WHAT IS NEEDED:
I need each line of the entries below that includes the string "open".
=== Section Start ===
lemma nn_integral_powr_mult_asymptotic:
  assumes "0 < m" and f: "((\<lambda>w. f w + ln w) \<longlongrightarrow> L) (at_right 0)"
  shows "(\<lambda>z. enn2real (\<integral>\<^sup>+ w. ennreal (indicator {0<..z} w * w powr (m - 1) * f w) \<partial>lborel)
      - powr_ln_primitive m L z) \<in> o[at_right 0](\<lambda>z. z powr m)"
proof (rule landau_o.smallI)
  fix c :: real assume "0 < c"
  define e where "e = c * m"
  have "0 < e" using \<open>0 < c\<close> assms(1) by (simp add: e_def)
  have "eventually (\<lambda>w. dist (f w + ln w) L < e) (at_right 0)"
    using tendstoD[OF f \<open>0 < e\<close>] .
  moreover have "filterlim (\<lambda>w::real. - ln w) at_top (at_right 0)"
    by (rule filterlim_compose[OF filterlim_uminus_at_top_at_bot ln_at_0])
  hence "eventually (\<lambda>w. e - L \<le> - ln w) (at_right 0)"
    unfolding filterlim_at_top by blast
  ultimately have "eventually (\<lambda>w. dist (f w + ln w) L < e \<and> e - L \<le> - ln w) (at_right 0)"
    by (rule eventually_conj)
  then obtain b where "0 < b" and near_0:
    "\<And>w. 0 < w \<Longrightarrow> w < b \<Longrightarrow> dist (f w + ln w) L < e \<and> e - L \<le> - ln w"
    unfolding eventually_at_right_field by auto
  show "eventually (\<lambda>z. norm (enn2real (\<integral>\<^sup>+ w. ennreal (indicator {0<..z} w * w powr (m - 1) * f w) \<partial>lborel)
      - powr_ln_primitive m L z) \<le> c * norm (z powr m)) (at_right 0)"
  proof (rule eventually_at_rightI[OF _ \<open>0 < b\<close>])
    fix z assume z: "z \<in> {0<..<b}"
    have "L - e - ln w \<le> f w \<and> f w \<le> L + e - ln w" if "0 < w" "w \<le> z" for w
      using near_0[of w] that z by (auto simp: dist_real_def)
    moreover have "ln z \<le> L - e" using near_0[of z] z by auto
    ultimately have "powr_ln_primitive m (L + - e) z
        \<le> enn2real (\<integral>\<^sup>+ w. ennreal (indicator {0<..z} w * w powr (m - 1) * f w) \<partial>lborel)"
      "enn2real (\<integral>\<^sup>+ w. ennreal (indicator {0<..z} w * w powr (m - 1) * f w) \<partial>lborel)
        \<le> powr_ln_primitive m (L + e) z"
      using nn_integral_powr_mult_bounds[of m z "L - e" f "L + e"] assms(1) z by auto
    moreover have "e * z powr m / m = c * norm (z powr m)" using assms(1) by (simp add: e_def)
    ultimately show "norm (enn2real (\<integral>\<^sup>+ w. ennreal (indicator {0<..z} w * w powr (m - 1) * f w) \<partial>lborel)
      - powr_ln_primitive m L z) \<le> c * norm (z powr m)"
      unfolding powr_ln_primitive_shift by auto
  qed
qed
=== Section End ===
PROBLEM SOLUTION:
  have "0 < e" using \<open>0 < c\<close> assms(1) by (simp add: e_def)
    using tendstoD[OF f \<open>0 < e\<close>] .
  proof (rule eventually_at_rightI[OF _ \<open>0 < b\<close>])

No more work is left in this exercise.